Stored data
◆ ◆ ◆ ◆ ◆ ◆ ◆

(* Let $\mathcal{H}$ be a complex infinite-dimensional Hilbert space, let $n>1$ be an integer, and let $A\in B(\mathcal{H})$ satisfy $A^*A^n=A^nA^*$ (equivalently, $A^n$ is normal). Then $H_0(A-\lambda)=(A-\lambda)^{-1}(0)$ for every non-zero $\lambda\in\sigma(A)$, and $H_0(A)=A^{-n}(0)$. In particular, $A$ is polaroid.
   Context: $B(\mathcal{H})$ denotes the algebra of bounded linear operators on $\mathcal{H}$. For $S\in B(\mathcal{H})$, the quasi-nilpotent part of $S$ is $H_0(S)=\{x\in\mathcal{H}:\lim_{m\to\infty}\|S^mx\|^{1/m}=0\}$; $S^{-k}(0)$ denotes the kernel of $S^k$. A point $\lambda$ isolated in $\sigma(S)$ is a pole of $S$ if $0<\mathrm{asc}(S-\lambda)=\mathrm{dsc}(S-\lambda)<\infty$, where ascent/descent are the least $p\ge0$ with $(S-\lambda)^{-p}(0)=(S-\lambda)^{-(p+1)}(0)$, resp. $(S-\lambda)^p(\mathcal{H})=(S-\lambda)^{p+1}(\mathcal{H})$. $S$ is polaroid if every isolated point of $\sigma(S)$ is a pole of $S$. *)

theory Defs
  imports "HOL-Analysis.Analysis"
begin

class complex_vector = real_vector +
  fixes scaleC :: "complex \<Rightarrow> 'a \<Rightarrow> 'a"  (infixr \<open>*\<^sub>C\<close> 75)
  assumes scaleC_add_right: "a *\<^sub>C (x + y) = a *\<^sub>C x + a *\<^sub>C y"
    and scaleC_add_left: "(a + b) *\<^sub>C x = a *\<^sub>C x + b *\<^sub>C x"
    and scaleC_scaleC: "a *\<^sub>C (b *\<^sub>C x) = (a * b) *\<^sub>C x"
    and scaleC_one: "1 *\<^sub>C x = x"
    and scaleR_scaleC: "scaleR r x = (complex_of_real r) *\<^sub>C x"

class complex_inner = complex_vector + real_normed_vector +
  fixes cinner :: "'a \<Rightarrow> 'a \<Rightarrow> complex"
  assumes cinner_commute: "cinner x y = cnj (cinner y x)"
    and cinner_add_left: "cinner (x + y) z = cinner x z + cinner y z"
    and cinner_scaleC_left: "cinner (r *\<^sub>C x) y = cnj r * cinner x y"
    and cinner_self_real: "Im (cinner x x) = 0"
    and cinner_self_nonneg: "0 \<le> Re (cinner x x)"
    and cinner_eq_zero_iff: "cinner x x = 0 \<longleftrightarrow> x = 0"
    and norm_eq_sqrt_cinner: "norm x = sqrt (Re (cinner x x))"

text \<open>A complex Hilbert space is a type of class complex_inner and complete_space.\<close>

definition cspan :: "'a::complex_vector set \<Rightarrow> 'a set" where
  "cspan S = {(\<Sum>s\<in>T. c s *\<^sub>C s) | T c. finite T \<and> T \<subseteq> S}"

definition infinite_dimensional :: "'a::complex_vector itself \<Rightarrow> bool" where
  "infinite_dimensional _ \<longleftrightarrow> \<not> (\<exists>S::'a set. finite S \<and> cspan S = UNIV)"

◆ ◆ ◆ ◆ ◆ ◆ ◆

■ Task to carry out: All the records above need to be printed exactly.

■ Problem solution:
(* Let $\mathcal{H}$ be a complex infinite-dimensional Hilbert space, let $n>1$ be an integer, and let $A\in B(\mathcal{H})$ satisfy $A^*A^n=A^nA^*$ (equivalently, $A^n$ is normal). Then $H_0(A-\lambda)=(A-\lambda)^{-1}(0)$ for every non-zero $\lambda\in\sigma(A)$, and $H_0(A)=A^{-n}(0)$. In particular, $A$ is polaroid.
   Context: $B(\mathcal{H})$ denotes the algebra of bounded linear operators on $\mathcal{H}$. For $S\in B(\mathcal{H})$, the quasi-nilpotent part of $S$ is $H_0(S)=\{x\in\mathcal{H}:\lim_{m\to\infty}\|S^mx\|^{1/m}=0\}$; $S^{-k}(0)$ denotes the kernel of $S^k$. A point $\lambda$ isolated in $\sigma(S)$ is a pole of $S$ if $0<\mathrm{asc}(S-\lambda)=\mathrm{dsc}(S-\lambda)<\infty$, where ascent/descent are the least $p\ge0$ with $(S-\lambda)^{-p}(0)=(S-\lambda)^{-(p+1)}(0)$, resp. $(S-\lambda)^p(\mathcal{H})=(S-\lambda)^{p+1}(\mathcal{H})$. $S$ is polaroid if every isolated point of $\sigma(S)$ is a pole of $S$. *)

theory Defs
  imports "HOL-Analysis.Analysis"
begin

class complex_vector = real_vector +
  fixes scaleC :: "complex \<Rightarrow> 'a \<Rightarrow> 'a"  (infixr \<open>*\<^sub>C\<close> 75)
  assumes scaleC_add_right: "a *\<^sub>C (x + y) = a *\<^sub>C x + a *\<^sub>C y"
    and scaleC_add_left: "(a + b) *\<^sub>C x = a *\<^sub>C x + b *\<^sub>C x"
    and scaleC_scaleC: "a *\<^sub>C (b *\<^sub>C x) = (a * b) *\<^sub>C x"
    and scaleC_one: "1 *\<^sub>C x = x"
    and scaleR_scaleC: "scaleR r x = (complex_of_real r) *\<^sub>C x"

class complex_inner = complex_vector + real_normed_vector +
  fixes cinner :: "'a \<Rightarrow> 'a \<Rightarrow> complex"
  assumes cinner_commute: "cinner x y = cnj (cinner y x)"
    and cinner_add_left: "cinner (x + y) z = cinner x z + cinner y z"
    and cinner_scaleC_left: "cinner (r *\<^sub>C x) y = cnj r * cinner x y"
    and cinner_self_real: "Im (cinner x x) = 0"
    and cinner_self_nonneg: "0 \<le> Re (cinner x x)"
    and cinner_eq_zero_iff: "cinner x x = 0 \<longleftrightarrow> x = 0"
    and norm_eq_sqrt_cinner: "norm x = sqrt (Re (cinner x x))"

text \<open>A complex Hilbert space is a type of class complex_inner and complete_space.\<close>

definition cspan :: "'a::complex_vector set \<Rightarrow> 'a set" where
  "cspan S = {(\<Sum>s\<in>T. c s *\<^sub>C s) | T c. finite T \<and> T \<subseteq> S}"

definition infinite_dimensional :: "'a::complex_vector itself \<Rightarrow> bool" where
  "infinite_dimensional _ \<longleftrightarrow> \<not> (\<exists>S::'a set. finite S \<and> cspan S = UNIV)"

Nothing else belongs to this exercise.